• **TASK INPUTS**
###

lemma ex_colouring_prefix_action:
  assumes s: "s \<in> full_group_n X n"
  shows "\<exists>colour :: 'e list \<Rightarrow> nat. \<forall>p\<in>prefixes n. prefix_action n s p \<noteq> p \<longrightarrow>
           colour p < 3 \<and> colour (prefix_action n s p) \<noteq> colour p"
proof -
  let ?\<sigma> = "prefix_action n s"
  let ?moved = "{p \<in> prefixes n. ?\<sigma> p \<noteq> p}"
  have inj: "inj_on ?\<sigma> (prefixes n)" using bij_betw_prefix_action[OF s] unfolding bij_betw_def by blast
  then have "inj_on ?\<sigma> ?moved" by (rule inj_on_subset) auto
  moreover have "finite ?moved" using finite_prefixes by simp
  ultimately obtain colour :: "'e list \<Rightarrow> nat" where colour:
    "\<forall>p\<in>?moved. colour p < 3 \<and> (?\<sigma> p \<in> ?moved \<and> ?\<sigma> p \<noteq> p \<longrightarrow> colour (?\<sigma> p) \<noteq> colour p)"
    using inj_on_ex_3_colouring by blast
  have "?\<sigma> p \<in> ?moved" if "p \<in> ?moved" for p
  proof -
    have "?\<sigma> p \<in> prefixes n"
      using that end_preserving_prefix_action[OF s] unfolding end_preserving_def by blast
    moreover have "?\<sigma> (?\<sigma> p) \<noteq> ?\<sigma> p" using inj that calculation by (auto dest: inj_onD)
    ultimately show ?thesis by blast
  qed
  then show ?thesis using colour by blast
qed

lemma ex_conjugates_with_small_defect:
  assumes "minimal_action X" "infinite X" and s: "s \<in> full_group_n X n"
  shows "\<exists>t :: nat \<Rightarrow> (nat \<Rightarrow> 'e) \<Rightarrow> nat \<Rightarrow> 'e. \<forall>a<2 ^ r.
           t a \<in> full_group X \<and> conj_in X (t a) s \<and> supp X (t a) = supp X s \<and>
           (\<forall>b<2 ^ r. a \<noteq> b \<longrightarrow> even_cycles X (t a \<circ> inv (t b)) \<and>
              (\<forall>\<mu>\<in>inv_measures X. real N * measure \<mu> (supp X s - supp X (t a \<circ> inv (t b))) \<le> 1))"
proof -
  obtain m0 where m0: "\<forall>m\<ge>m0. \<forall>x\<in>X. N * (card (prefixes n) * 2 ^ (2 * r)) \<le> card (prefix_class m x)"
    using card_prefix_class_eventually_large[OF assms(1,2)] by blast
  define m where "m = max (Suc n) m0"
  have "n < m" and large: "\<forall>x\<in>X. N * (card (prefixes n) * 2 ^ (2 * r)) \<le> card (prefix_class m x)"
    using m0 unfolding m_def by auto
  obtain act bad where act: "xor_action (2 ^ (2 * r)) (segments n m) act"
    "\<forall>d<2 ^ (2 * r). \<forall>c\<in>segments n m. segment_ends (act d c) = segment_ends c"
    "\<forall>c\<in>segments n m - bad. \<forall>d<2 ^ (2 * r). act d c = c \<longrightarrow> d = 0"
    "bad \<subseteq> segments n m" "\<forall>w. card {c\<in>bad. segment_ends c = w} < 2 ^ (2 * r)"
    using ex_xor_action_on_fibres[OF finite_segments, where j = "2 * r" and \<kappa> = segment_ends] by blast
  obtain colour :: "'e list \<Rightarrow> nat" where colour: "\<forall>p\<in>prefixes n. prefix_action n s p \<noteq> p \<longrightarrow>
      colour p < 3 \<and> colour (prefix_action n s p) \<noteq> colour p"
    using ex_colouring_prefix_action[OF s] by blast
  interpret conjugates_construction V E src rng v0 n m s r act bad colour
    using bratteli s \<open>n < m\<close> act colour by unfold_locales
  show ?thesis
    by (intro exI[of _ conjugate] allI impI conjI ballI)
      (simp_all add: conjugate_in_full_group conj_in_conjugate supp_conjugate
        even_cycles_conjugate_ratio measure_supp_diff_conjugate_ratio[OF _ _ _ large])
qed

end

lemma less_if_mult_le_1:
  fixes x \<epsilon> N :: real
  assumes "0 < \<epsilon>" "1 / \<epsilon> < N" "N * x \<le> 1"
  shows "x < \<epsilon>"
proof -
  have "0 < N" using assms(1,2) by (metis less_trans zero_less_divide_1_iff)
  then have "x \<le> 1 / N" using assms(3) by (simp add: field_simps)
  also have "1 / N < \<epsilon>" using assms(1,2) \<open>0 < N\<close> by (simp add: field_simps)
  finally show ?thesis .
qed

###

• **EXERCISE AIM**
Each line of the listing that contains the word "thesis" must be counted. Give only the resulting figure.

• **SOLUTION TO THE PROBLEM**
4